**AIM OF THE TASK**.
Copy each line from the records below in which the word "three" is found.

**EXERCISE INPUTS**.
----------------
(* For $a\in\mathbb R\setminus\{0,1\}$, let $\mathfrak g_a$ be the $7$-dimensional nilpotent Lie algebra with basis $\{e_1,\dots,e_7\}$ and dual basis $\{e^i\}$ satisfying $$de^1=de^2=de^3=0,\ de^4=(a-1)e^{12},\ de^5=ae^{13},\ de^6=e^{23},\ de^7=e^{16}+e^{25}+e^{34}.$$ Then the set $\mathbf S$ of signatures of diagonal metrics satisfying $\operatorname{Ric}=-\frac12\mathrm{id}+\frac12N$ is: for $a<0$: $\{\emptyset,12357,12367,1237,126,125,1256,134,13456,1346,14567,1457,147,234,2345,23456,24567,2467,247,3567,357,367,5,6\}$; for $0<a<1$: $\{\emptyset,12347,1237,12357,12456,1256,126,13456,1346,136,1457,147,157,234,2345,235,24567,2467,267,34567,3567,367,4,5\}$; for $a>1$: $\{\emptyset,12347,12367,1237,12456,125,1256,134,1346,136,14567,1457,157,2345,23456,235,2467,247,267,34567,3567,357,4,6\}$.
   Context: $d$ is the Chevalley–Eilenberg differential and $e^{ij}=e^i\wedge e^j$; the basis $\{e_i\}$ is a nice basis. The root matrix $M_\Delta$ has one row for each triple $(\{i,j\},k)$ with $[e_i,e_j]$ a nonzero multiple of $e_k$, with $+1$ in position $k$, $-1$ in positions $i,j$, $0$ elsewhere. $N$ is the diagonal Nikolayevsky derivation: the diagonal matrix with diagonal $M_\Delta^Tb+[1]$, where $b$ solves $M_\Delta M_\Delta^Tb=[1]$, $[1]$ the all-ones vector. A diagonal metric is $\sum_ig_ie^i\otimes e^i$, $g_i\neq0$, with Ricci operator $\operatorname{Ric}$. A signature is recorded as the string of indices $i$ with $g_i<0$; $\emptyset$ denotes positive definite. *)

theory Defs
  imports Complex_Main
begin

(* Lie algebra on R^n with basis e_1..e_n given by structure constants:
   [e_i, e_j] = sum_k c i j k * e_k.
   Metric: diagonal, g(e_i,e_i) = g i. *)

(* Levi-Civita connection via Koszul:  nabla_{e_i} e_j = sum_k lc c g i j k * e_k *)
definition lc :: "(nat \<Rightarrow> nat \<Rightarrow> nat \<Rightarrow> real) \<Rightarrow> (nat \<Rightarrow> real) \<Rightarrow> nat \<Rightarrow> nat \<Rightarrow> nat \<Rightarrow> real" where
  "lc c g i j k = (c i j k * g k - c j k i * g i + c k i j * g j) / (2 * g k)"

(* R(e_i,e_j) e_l = nabla_i nabla_j e_l - nabla_j nabla_i e_l - nabla_[e_i,e_j] e_l; component m *)
definition curv :: "nat \<Rightarrow> (nat \<Rightarrow> nat \<Rightarrow> nat \<Rightarrow> real) \<Rightarrow> (nat \<Rightarrow> real) \<Rightarrow> nat \<Rightarrow> nat \<Rightarrow> nat \<Rightarrow> nat \<Rightarrow> real" where
  "curv n c g i j l m =
     (\<Sum>k=1..n. lc c g j l k * lc c g i k m - lc c g i l k * lc c g j k m)
     - (\<Sum>k=1..n. c i j k * lc c g k l m)"

definition ric_form :: "nat \<Rightarrow> (nat \<Rightarrow> nat \<Rightarrow> nat \<Rightarrow> real) \<Rightarrow> (nat \<Rightarrow> real) \<Rightarrow> nat \<Rightarrow> nat \<Rightarrow> real" where
  "ric_form n c g j l = (\<Sum>i=1..n. curv n c g i j l i)"

(* Ricci operator: Ric(e_j) = sum_l ric_op n c g l j * e_l, with g(Ric X, Y) = ric(X,Y) *)
definition ric_op :: "nat \<Rightarrow> (nat \<Rightarrow> nat \<Rightarrow> nat \<Rightarrow> real) \<Rightarrow> (nat \<Rightarrow> real) \<Rightarrow> nat \<Rightarrow> nat \<Rightarrow> real" where
  "ric_op n c g l j = ric_form n c g j l / g l"

(* index set of rows of the root matrix: triples ({i,j},k), encoded with i<j *)
definition roots :: "nat \<Rightarrow> (nat \<Rightarrow> nat \<Rightarrow> nat \<Rightarrow> real) \<Rightarrow> (nat \<times> nat \<times> nat) set" where
  "roots n c = {(i,j,k). i \<in> {1..n} \<and> j \<in> {1..n} \<and> k \<in> {1..n} \<and> i < j \<and> c i j k \<noteq> 0}"

definition rootrow :: "nat \<times> nat \<times> nat \<Rightarrow> nat \<Rightarrow> real" where
  "rootrow r m = (case r of (i,j,k) \<Rightarrow>
      (if m = k then 1 else 0) - (if m = i then 1 else 0) - (if m = j then 1 else 0))"

definition is_nik :: "nat \<Rightarrow> (nat \<Rightarrow> nat \<Rightarrow> nat \<Rightarrow> real) \<Rightarrow> (nat \<Rightarrow> real) \<Rightarrow> bool" where
  "is_nik n c N \<longleftrightarrow> (\<exists>b :: nat \<times> nat \<times> nat \<Rightarrow> real.
      (\<forall>r\<in>roots n c. (\<Sum>m=1..n. rootrow r m * (\<Sum>r'\<in>roots n c. rootrow r' m * b r')) = 1)
    \<and> (\<forall>m\<in>{1..n}. N m = (\<Sum>r\<in>roots n c. rootrow r m * b r) + 1))"

definition nik :: "nat \<Rightarrow> (nat \<Rightarrow> nat \<Rightarrow> nat \<Rightarrow> real) \<Rightarrow> nat \<Rightarrow> real" where
  "nik n c = (SOME N. is_nik n c N)"

definition sigs :: "nat \<Rightarrow> (nat \<Rightarrow> nat \<Rightarrow> nat \<Rightarrow> real) \<Rightarrow> nat set set" where
  "sigs n c = {{i \<in> {1..n}. g i < 0} | g.
      (\<forall>i\<in>{1..n}. g i \<noteq> 0) \<and>
      (\<forall>l\<in>{1..n}. \<forall>j\<in>{1..n}.
          ric_op n c g l j = (if l = j then - 1/2 + 1/2 * nik n c j else 0))}"

(* the Lie algebra g_a: de^k = sum_{i<j} dcoef a k i j e^{ij} *)
definition dcoef :: "real \<Rightarrow> nat \<Rightarrow> nat \<Rightarrow> nat \<Rightarrow> real" where
  "dcoef a k i j =
     (if (k,i,j) = (4,1,2) then a - 1
      else if (k,i,j) = (5,1,3) then a
      else if (k,i,j) = (6,2,3) then 1
      else if (k,i,j) = (7,1,6) then 1
      else if (k,i,j) = (7,2,5) then 1
      else if (k,i,j) = (7,3,4) then 1
      else 0)"

(* structure constants via de^k(X,Y) = - e^k([X,Y]) *)
definition ga :: "real \<Rightarrow> nat \<Rightarrow> nat \<Rightarrow> nat \<Rightarrow> real" where
  "ga a i j k = (if i < j then - dcoef a k i j else if j < i then dcoef a k j i else 0)"

end

theory Submission
  imports Defs
begin

(* In the nice basis the Ricci operator of a diagonal metric g is diagonal, Ric = 1/2 M_Delta^T w,
   where w gives the root (i,j,k) the weight (c_ij^k)^2 g_k / (g_i g_j), and the Nikolayevsky
   derivation is N = diag(1/2,1/2,1/2,1,1,1,3/2).  So Ric = -1/2 id + 1/2 N is a linear condition
   on w: the roots (3,4,7), (2,5,7), (1,6,7) carry the same weights p, q, t as (1,2,4), (1,3,5),
   (2,3,6), and p + q + t = 1/2.  Given g_1, g_2, g_3, the weights p, q, t determine g_4, g_5, g_6,
   and each of the three roots ending in 7 determines g_7; these three values agree iff
   q^2 = a^2 t^2 and p^2 = (a - 1)^2 t^2, which leaves three solutions (p, q, t).  As g_1, g_2, g_3
   are free, a signature is fixed by their signs and those of p, q, t, and the latter depend only on
   the position of a relative to 0 and 1. *)

lemma sum_atLeastAtMost_1_7:
  "(\<Sum>i=1..7::nat. f i) = f 1 + f 2 + f 3 + f 4 + f 5 + f 6 + (f 7 :: real)"
  by (simp add: numeral_eq_Suc atLeastAtMostSuc_conv add.commute add.left_commute)

lemma atLeastAtMost_1_7_iff:
  "(i::nat) \<in> {1..7} \<longleftrightarrow> i = 1 \<or> i = 2 \<or> i = 3 \<or> i = 4 \<or> i = 5 \<or> i = 6 \<or> i = 7"
  by auto

lemma ball_atLeastAtMost_1_7:
  "(\<forall>i\<in>{1..7::nat}. P i) \<longleftrightarrow> P 1 \<and> P 2 \<and> P 3 \<and> P 4 \<and> P 5 \<and> P 6 \<and> P 7"
  unfolding Ball_def atLeastAtMost_1_7_iff by blast

lemma Collect_atLeastAtMost_1_7:
  "{i \<in> {1..7::nat}. P i} =
     (if P 1 then {1} else {}) \<union> (if P 2 then {2} else {}) \<union> (if P 3 then {3} else {}) \<union>
     (if P 4 then {4} else {}) \<union> (if P 5 then {5} else {}) \<union> (if P 6 then {6} else {}) \<union>
     (if P 7 then {7} else {})"
  by (auto simp: numeral_eq_Suc atLeastAtMostSuc_conv split: if_splits)

lemma is_nik_unique:
  assumes "is_nik n c N" and "is_nik n c N'" and "m \<in> {1..n}"
  shows "N m = N' m"
proof -
  let ?R = "roots n c"
  obtain b b' where
    b: "\<forall>r\<in>?R. (\<Sum>m=1..n. rootrow r m * (\<Sum>r'\<in>?R. rootrow r' m * b r')) = 1"
      "\<forall>m\<in>{1..n}. N m = (\<Sum>r\<in>?R. rootrow r m * b r) + 1" and
    b': "\<forall>r\<in>?R. (\<Sum>m=1..n. rootrow r m * (\<Sum>r'\<in>?R. rootrow r' m * b' r')) = 1"
      "\<forall>m\<in>{1..n}. N' m = (\<Sum>r\<in>?R. rootrow r m * b' r) + 1"
    using assms(1,2) unfolding is_nik_def by blast
  (* M M^T (b - b') = 0 forces |M^T (b - b')|^2 = 0 *)
  define v where "v m = (\<Sum>r\<in>?R. rootrow r m * (b r - b' r))" for m
  have v_diff: "v m = (\<Sum>r\<in>?R. rootrow r m * b r) - (\<Sum>r\<in>?R. rootrow r m * b' r)" for m
    by (simp add: v_def right_diff_distrib sum_subtractf)
  have v_orth: "(\<Sum>m=1..n. rootrow r m * v m) = 0" if "r \<in> ?R" for r
    using b(1) b'(1) that by (simp add: v_diff right_diff_distrib sum_subtractf)
  have v_sq: "v m * v m = (\<Sum>r\<in>?R. (b r - b' r) * (rootrow r m * v m))" for m
  proof -
    have "v m * v m = (\<Sum>r\<in>?R. rootrow r m * (b r - b' r)) * v m"
      by (simp only: v_def)
    also have "\<dots> = (\<Sum>r\<in>?R. (b r - b' r) * (rootrow r m * v m))"
      by (simp add: sum_distrib_left mult_ac)
    finally show ?thesis .
  qed
  have "(\<Sum>m=1..n. (v m)\<^sup>2) = (\<Sum>r\<in>?R. (b r - b' r) * (\<Sum>m=1..n. rootrow r m * v m))"
    unfolding power2_eq_square v_sq sum_distrib_left by (rule sum.swap)
  also have "\<dots> = 0" using v_orth by simp
  finally have "v m = 0"
    using assms(3) by (simp add: sum_nonneg_eq_0_iff)
  then show ?thesis
    using b(2) b'(2) assms(3) by (simp add: v_diff)
qed

lemma nik_eqI:
  assumes "is_nik n c N" and "m \<in> {1..n}"
  shows "nik n c m = N m"
  using is_nik_unique[OF someI[of "is_nik n c", OF assms(1)] assms(1,2)]
  unfolding nik_def .

lemma roots_ga:
  assumes "a \<noteq> 0" "a \<noteq> 1"
  shows "roots 7 (ga a) = {(1,2,4), (1,3,5), (2,3,6), (1,6,7), (2,5,7), (3,4,7)}"
  using assms by (auto simp: roots_def ga_def dcoef_def split: if_splits)

definition root_weight ::
    "(nat \<Rightarrow> nat \<Rightarrow> nat \<Rightarrow> real) \<Rightarrow> (nat \<Rightarrow> real) \<Rightarrow> nat \<times> nat \<times> nat \<Rightarrow> real" where
  "root_weight c g r = (case r of (i, j, k) \<Rightarrow> (c i j k)\<^sup>2 * g k / (g i * g j))"

lemma ric_op_ga:
  assumes "a \<noteq> 0" "a \<noteq> 1" and nz: "\<forall>i\<in>{1..7}. g i \<noteq> 0"
    and "l \<in> {1..7}" "j \<in> {1..7}"
  shows "ric_op 7 (ga a) g l j =
    (if l = j then (\<Sum>r\<in>roots 7 (ga a). rootrow r j * root_weight (ga a) g r) / 2 else 0)"
proof -
  have nz': "g 1 \<noteq> 0" "g 2 \<noteq> 0" "g 3 \<noteq> 0" "g 4 \<noteq> 0" "g 5 \<noteq> 0" "g 6 \<noteq> 0" "g 7 \<noteq> 0"
    using nz unfolding ball_atLeastAtMost_1_7 by auto
  show ?thesis
    using assms(4,5) unfolding roots_ga[OF assms(1,2)] atLeastAtMost_1_7_iff
      ric_op_def ric_form_def curv_def sum_atLeastAtMost_1_7
    apply (elim disjE)
    apply (simp_all only:)
    apply (simp_all add: lc_def ga_def dcoef_def rootrow_def root_weight_def nz')
    apply (simp_all add: field_simps nz' nz'(1)[unfolded One_nat_def] power2_eq_square)
    done
qed

definition nik_ga :: "nat \<Rightarrow> real" where
  "nik_ga m = (if m \<le> 3 then 1/2 else if m \<le> 6 then 1 else 3/2)"

lemma is_nik_ga:
  assumes "a \<noteq> 0" "a \<noteq> 1"
  shows "is_nik 7 (ga a) nik_ga"
  unfolding is_nik_def roots_ga[OF assms]
  by (rule exI[of _ "\<lambda>r. if r = (2,3,6) \<or> r = (1,6,7) then 1/2 else 0"])
    (simp add: ball_atLeastAtMost_1_7 sum_atLeastAtMost_1_7 rootrow_def nik_ga_def
      del: One_nat_def)

lemma nik_7_ga:
  assumes "a \<noteq> 0" "a \<noteq> 1" and "m \<in> {1..7}"
  shows "nik 7 (ga a) m = nik_ga m"
  using nik_eqI[OF is_nik_ga[OF assms(1,2)] assms(3)] .

definition soliton_weights_ga :: "(nat \<times> nat \<times> nat \<Rightarrow> real) \<Rightarrow> bool" where
  "soliton_weights_ga w \<longleftrightarrow>
     w (1,6,7) = w (2,3,6) \<and> w (2,5,7) = w (1,3,5) \<and> w (3,4,7) = w (1,2,4) \<and>
     w (1,2,4) + w (1,3,5) + w (2,3,6) = 1/2"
----------------
**ANSWER SECTION**.
   and each of the three roots ending in 7 determines g_7; these three values agree iff
   q^2 = a^2 t^2 and p^2 = (a - 1)^2 t^2, which leaves three solutions (p, q, t).  As g_1, g_2, g_3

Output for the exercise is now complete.